> _TASK PROMPT_:
Only the lines below starting at the one containing "also fixes the" and ending at the one containing "y \<longrightarrow> E y x)" belong in the answer, each copied exactly.

> _RECORD EXCERPTS_:
text \<open>A finite simple graph is given by a list vs of its vertices (distinct), which
  also fixes the vertex order v_1,...,v_n (the i-th list entry is v_i), and a symmetric,
  irreflexive adjacency relation E on set vs.\<close>

definition simple_graph :: "'a list \<Rightarrow> ('a \<Rightarrow> 'a \<Rightarrow> bool) \<Rightarrow> bool" where
  "simple_graph vs E \<longleftrightarrow> distinct vs \<and> (\<forall>x y. E x y \<longrightarrow> E y x)
     \<and> (\<forall>x. \<not> E x x) \<and> (\<forall>x y. E x y \<longrightarrow> x \<in> set vs \<and> y \<in> set vs)"

definition is_cycle :: "'a list \<Rightarrow> ('a \<Rightarrow> 'a \<Rightarrow> bool) \<Rightarrow> 'a list \<Rightarrow> bool" where
  "is_cycle vs E cs \<longleftrightarrow> length cs \<ge> 3 \<and> distinct cs \<and> set cs \<subseteq> set vs
     \<and> (\<forall>i < length cs. E (cs ! i) (cs ! ((i + 1) mod length cs)))"

definition girth_at_least :: "'a list \<Rightarrow> ('a \<Rightarrow> 'a \<Rightarrow> bool) \<Rightarrow> nat \<Rightarrow> bool" where
  "girth_at_least vs E g \<longleftrightarrow> (\<forall>cs. is_cycle vs E cs \<longrightarrow> length cs \<ge> g)"

definition open_nbh :: "'a list \<Rightarrow> ('a \<Rightarrow> 'a \<Rightarrow> bool) \<Rightarrow> 'a \<Rightarrow> 'a set" where
  "open_nbh vs E x = {y \<in> set vs. E x y}"

definition closed_nbh :: "'a list \<Rightarrow> ('a \<Rightarrow> 'a \<Rightarrow> bool) \<Rightarrow> 'a \<Rightarrow> 'a set" where
  "closed_nbh vs E x = insert x (open_nbh vs E x)"

definition closed_nbh_set :: "'a list \<Rightarrow> ('a \<Rightarrow> 'a \<Rightarrow> bool) \<Rightarrow> 'a set \<Rightarrow> 'a set" where
  "closed_nbh_set vs E S = (\<Union>x\<in>S. closed_nbh vs E x)"

definition dominating :: "'a list \<Rightarrow> ('a \<Rightarrow> 'a \<Rightarrow> bool) \<Rightarrow> 'a set \<Rightarrow> bool" where
  "dominating vs E D \<longleftrightarrow> D \<subseteq> set vs \<and> closed_nbh_set vs E D = set vs"

definition minimal_dominating :: "'a list \<Rightarrow> ('a \<Rightarrow> 'a \<Rightarrow> bool) \<Rightarrow> 'a set \<Rightarrow> bool" where
  "minimal_dominating vs E D \<longleftrightarrow> dominating vs E D \<and> (\<forall>D'. D' \<subset> D \<longrightarrow> \<not> dominating vs E D')"

definition priv_closed :: "'a list \<Rightarrow> ('a \<Rightarrow> 'a \<Rightarrow> bool) \<Rightarrow> 'a set \<Rightarrow> 'a \<Rightarrow> 'a set" where
  "priv_closed vs E D x = closed_nbh vs E x - closed_nbh_set vs E (D - {x})"
(* Let $n\ge1$ and let $C$ be the $n\times n$ matrix with entries in $OPol_n$ whose $(i,i-1)$-entry is $1$ for $2\le i\le n$, whose $(i,n)$-entry is $(-1)^{n-i}e^{(n)}_{n+1-i}$ for $1\le i\le n$, and all other entries $0$ (the non-commutative companion matrix of $(t-x_1)\cdots(t-x_n)$). Then for all $1\le i,j\le n$ and $k\ge0$, the $(i,j)$-entry of $C^k$ (matrix multiplication in the given order in the non-commutative ring $OPol_n$) equals $$c_{i,j;k}:=\sum_{t=0}^{\min(k+j-i,\,n-i)}(-1)^te^{(n)}_th^{(n)}_{k+j-i-t},$$ which is $0$ if $k<i-j$ and $1$ if $k=i-j$.
   Context: $\Bbbk$ is a field of characteristic $\neq2$. $OPol_n$ is the graded superalgebra generated by odd degree-2 elements $x_1,\dots,x_n$ with $x_jx_i=-x_ix_j$ ($i\ne j$). $e_r^{(n)}:=\sum_{1\le i_1<\cdots<i_r\le n}x_{i_1}\cdots x_{i_r}$ and $h_r^{(n)}:=\sum_{n\ge i_r\ge\cdots\ge i_1\ge1}x_{i_r}\cdots x_{i_1}$ for $r\ge0$, with $e_0^{(n)}=h_0^{(n)}=1$, and $h^{(n)}_r:=0$ for $r<0$. *)

theory Defs
  imports Main
begin

text \<open>Concrete model of OPol_n: an element is a coefficient function on exponent
vectors a :: nat => nat, standing for the linear combination of ordered monomials
x_1^(a 1) x_2^(a 2) ... x_n^(a n).  Multiplication of ordered monomials uses the
relations x_j x_i = - x_i x_j (i ~= j): moving the letters of the right factor
past the larger-index letters of the left factor gives the sign
(-1)^(sum over i > j of a i * b j).\<close>

type_synonym 'k opol = "(nat \<Rightarrow> nat) \<Rightarrow> 'k"

definition ozero :: "'k::field opol" where
  "ozero = (\<lambda>_. 0)"

definition oone :: "'k::field opol" where
  "oone = (\<lambda>a. if a = (\<lambda>_. 0) then 1 else 0)"

definition ogen :: "nat \<Rightarrow> 'k::field opol" where
  "ogen i = (\<lambda>a. if a = (\<lambda>l. if l = i then 1 else 0) then 1 else 0)"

> _EXPECTED ANSWER_:
  also fixes the vertex order v_1,...,v_n (the i-th list entry is v_i), and a symmetric,
  irreflexive adjacency relation E on set vs.\<close>

definition simple_graph :: "'a list \<Rightarrow> ('a \<Rightarrow> 'a \<Rightarrow> bool) \<Rightarrow> bool" where
  "simple_graph vs E \<longleftrightarrow> distinct vs \<and> (\<forall>x y. E x y \<longrightarrow> E y x)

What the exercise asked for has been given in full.